• Task:
Filter the entries below, keeping every line that has the word "notin".

-------- Data shown --------

lemma nn_integral_poisson_likelihood_ratio:
  assumes a: "0 < a" and b: "0 < b"
  shows "(\<integral>\<^sup>+ t. ennreal (pmf (poisson_pmf a) t / pmf (poisson_pmf b) t) \<partial>measure_pmf (poisson_pmf a))
         = ennreal (exp ((a - b)\<^sup>2 / b))"
proof -
  have density: "ennreal (pmf (poisson_pmf a) t) * ennreal (pmf (poisson_pmf a) t / pmf (poisson_pmf b) t)
      = ennreal ((a\<^sup>2 / b) ^ t / fact t) * ennreal (exp (b - 2 * a))" for t
  proof -
    have e: "exp (b - 2 * a) = exp (- a) * exp (- a) / exp (- b)"
      by (simp only: exp_diff[symmetric] exp_add[symmetric]) simp
    have q: "(a\<^sup>2 / b) ^ t = a ^ t * a ^ t / b ^ t"
      by (simp add: power_divide power2_eq_square power_mult_distrib)
    have "fact t > (0::real)" by simp
    then have "pmf (poisson_pmf a) t * (pmf (poisson_pmf a) t / pmf (poisson_pmf b) t)
        = (a\<^sup>2 / b) ^ t / fact t * exp (b - 2 * a)"
      unfolding e q pmf_poisson[OF a] pmf_poisson[OF b] using a b by (simp add: field_simps)
    then show ?thesis using a b by (simp add: ennreal_mult''[symmetric] del: pmf_poisson)
  qed
  have "(\<integral>\<^sup>+ t. ennreal (pmf (poisson_pmf a) t / pmf (poisson_pmf b) t) \<partial>measure_pmf (poisson_pmf a))
      = (\<integral>\<^sup>+ t. ennreal ((a\<^sup>2 / b) ^ t / fact t) * ennreal (exp (b - 2 * a)) \<partial>count_space UNIV)"
    unfolding nn_integral_measure_pmf density ..
  also have "\<dots> = ennreal (exp (a\<^sup>2 / b)) * ennreal (exp (b - 2 * a))"
    using a b by (simp add: nn_integral_multc nn_integral_exp_series)
  also have "\<dots> = ennreal (exp ((a - b)\<^sup>2 / b))"
  proof -
    have "exp (a\<^sup>2 / b) * exp (b - 2 * a) = exp ((a - b)\<^sup>2 / b)"
      using b by (simp add: exp_add[symmetric] power2_eq_square field_simps)
    then show ?thesis by (simp add: ennreal_mult''[symmetric])
  qed
  finally show ?thesis .
qed

lemma pmf_Pi_poisson_pos:
  assumes "finite I" "\<forall>i\<in>I. 0 < b i" "\<forall>x. x \<notin> I \<longrightarrow> y x = 0"
  shows "0 < pmf (Pi_pmf I 0 (\<lambda>i. poisson_pmf (b i))) y"
  using assms unfolding pmf_Pi[OF assms(1)] by (auto intro!: prod_pos)

lemma nn_integral_Pi_poisson_likelihood_ratio:
  fixes I :: "'i set" and a b :: "'i \<Rightarrow> real"
  defines "P \<equiv> Pi_pmf I 0 (\<lambda>i. poisson_pmf (a i))" and "Q \<equiv> Pi_pmf I 0 (\<lambda>i. poisson_pmf (b i))"
  assumes I: "finite I" and a: "\<forall>i\<in>I. 0 < a i" and b: "\<forall>i\<in>I. 0 < b i"
  shows "(\<integral>\<^sup>+ y. ennreal (pmf P y / pmf Q y) \<partial>measure_pmf P) = ennreal (exp (\<Sum>i\<in>I. (a i - b i)\<^sup>2 / b i))"
proof -
  have ratio: "pmf P y / pmf Q y = (\<Prod>i\<in>I. pmf (poisson_pmf (a i)) (y i) / pmf (poisson_pmf (b i)) (y i))"
    if "y \<in> set_pmf P" for y
  proof -
    have "y \<in> {f. \<forall>x. x \<notin> I \<longrightarrow> f x = 0}"
      using set_Pi_pmf_subset[OF I] that unfolding P_def by (rule subsetD)
    then have supp: "\<forall>x. x \<notin> I \<longrightarrow> y x = 0" by simp
    show ?thesis unfolding P_def Q_def pmf_Pi[OF I] if_P[OF supp] by (rule prod_dividef[symmetric])
  qed
  have "(\<integral>\<^sup>+ y. ennreal (pmf P y / pmf Q y) \<partial>measure_pmf P)
      = (\<integral>\<^sup>+ y. (\<Prod>i\<in>I. ennreal (pmf (poisson_pmf (a i)) (y i) / pmf (poisson_pmf (b i)) (y i))) \<partial>measure_pmf P)"
    by (intro nn_integral_cong_AE AE_pmfI) (simp only: ratio, rule prod_ennreal[symmetric], simp)
  also have "\<dots> = (\<Prod>i\<in>I. \<integral>\<^sup>+ t. ennreal (pmf (poisson_pmf (a i)) t / pmf (poisson_pmf (b i)) t)
      \<partial>measure_pmf (poisson_pmf (a i)))"
    unfolding P_def by (rule nn_integral_prod_Pi_pmf[OF I])
  also have "\<dots> = (\<Prod>i\<in>I. ennreal (exp ((a i - b i)\<^sup>2 / b i)))"
    using a b by (intro prod.cong refl nn_integral_poisson_likelihood_ratio) auto
  also have "\<dots> = ennreal (exp (\<Sum>i\<in>I. (a i - b i)\<^sup>2 / b i))"
    unfolding exp_sum[OF I] by (rule prod_ennreal) auto
  finally show ?thesis .
qed

lemma measure_pmf_le_likelihood_ratio:
  fixes P Q :: "'a pmf" and c X :: real
  assumes c: "0 < c" and abs_cont: "set_pmf P \<subseteq> set_pmf Q" and X: "0 \<le> X"
    and ratio: "(\<integral>\<^sup>+ y. ennreal (pmf P y / pmf Q y) \<partial>measure_pmf P) = ennreal X"
  shows "measure P S \<le> c / 2 * measure Q S + X / (2 * c)"
proof -
  define r where "r y = pmf P y / pmf Q y" for y
  have pointwise: "pmf P y \<le> c / 2 * pmf Q y + 1 / (2 * c) * (pmf P y * r y)" for y
  proof (cases "pmf P y = 0")
    case True
    then show ?thesis using c by simp
  next
    case False
    then have Q_pos: "0 < pmf Q y" using abs_cont by (auto simp: set_pmf_iff pmf_nonneg order_less_le)
    \<comment> \<open>AM-GM: the slack is a square.\<close>
    have "c / 2 * pmf Q y + 1 / (2 * c) * (pmf P y * r y) - pmf P y
        = (c * pmf Q y - pmf P y)\<^sup>2 / (2 * c * pmf Q y)"
      using Q_pos c unfolding r_def by (simp add: field_simps power2_eq_square)
    moreover have "0 \<le> (c * pmf Q y - pmf P y)\<^sup>2 / (2 * c * pmf Q y)" using Q_pos c by simp
    ultimately show ?thesis by linarith
  qed
  have pointwise_S: "ennreal (pmf P y) * indicator S y \<le>
      ennreal (c / 2) * (ennreal (pmf Q y) * indicator S y) + ennreal (1 / (2 * c)) * (ennreal (pmf P y) * ennreal (r y))" for y
  proof (cases "y \<in> S")
    case True
    have "ennreal (pmf P y) \<le> ennreal (c / 2 * pmf Q y + 1 / (2 * c) * (pmf P y * r y))"
      using pointwise by (rule ennreal_leI)
    also have "\<dots> = ennreal (c / 2) * ennreal (pmf Q y) + ennreal (1 / (2 * c)) * (ennreal (pmf P y) * ennreal (r y))"
      using c by (simp add: r_def ennreal_plus ennreal_mult[symmetric] del: ennreal_plus_if)
    finally show ?thesis using True by simp
  qed simp
  have "emeasure (measure_pmf P) S = (\<integral>\<^sup>+ y. ennreal (pmf P y) * indicator S y \<partial>count_space UNIV)"
    by (simp flip: nn_integral_measure_pmf)
  also have "\<dots> \<le> (\<integral>\<^sup>+ y. ennreal (c / 2) * (ennreal (pmf Q y) * indicator S y)
      + ennreal (1 / (2 * c)) * (ennreal (pmf P y) * ennreal (r y)) \<partial>count_space UNIV)"
    by (intro nn_integral_mono pointwise_S)
  also have "\<dots> = ennreal (c / 2) * (\<integral>\<^sup>+ y. ennreal (pmf Q y) * indicator S y \<partial>count_space UNIV)
      + ennreal (1 / (2 * c)) * (\<integral>\<^sup>+ y. ennreal (pmf P y) * ennreal (r y) \<partial>count_space UNIV)"
    by (simp add: nn_integral_add nn_integral_cmult)
  also have "(\<integral>\<^sup>+ y. ennreal (pmf Q y) * indicator S y \<partial>count_space UNIV) = emeasure (measure_pmf Q) S"
    by (simp flip: nn_integral_measure_pmf)
  also have "(\<integral>\<^sup>+ y. ennreal (pmf P y) * ennreal (r y) \<partial>count_space UNIV) = ennreal X"
    unfolding r_def by (simp flip: nn_integral_measure_pmf ratio)
  finally have "emeasure (measure_pmf P) S
      \<le> ennreal (c / 2) * emeasure (measure_pmf Q) S + ennreal (1 / (2 * c)) * ennreal X" .
  also have "\<dots> = ennreal (c / 2 * measure Q S + X / (2 * c))"
    using c X by (simp add: measure_pmf.emeasure_eq_measure ennreal_plus ennreal_mult[symmetric] del: ennreal_plus_if)
  finally have "ennreal (measure P S) \<le> ennreal (c / 2 * measure Q S + X / (2 * c))"
    by (simp add: measure_pmf.emeasure_eq_measure)
  moreover have "0 \<le> c / 2 * measure Q S + X / (2 * c)" using c X by simp
  ultimately show ?thesis by (simp add: ennreal_le_iff)
qed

--------

• Your solution:
  assumes "finite I" "\<forall>i\<in>I. 0 < b i" "\<forall>x. x \<notin> I \<longrightarrow> y x = 0"
    have "y \<in> {f. \<forall>x. x \<notin> I \<longrightarrow> f x = 0}"
    then have supp: "\<forall>x. x \<notin> I \<longrightarrow> y x = 0" by simp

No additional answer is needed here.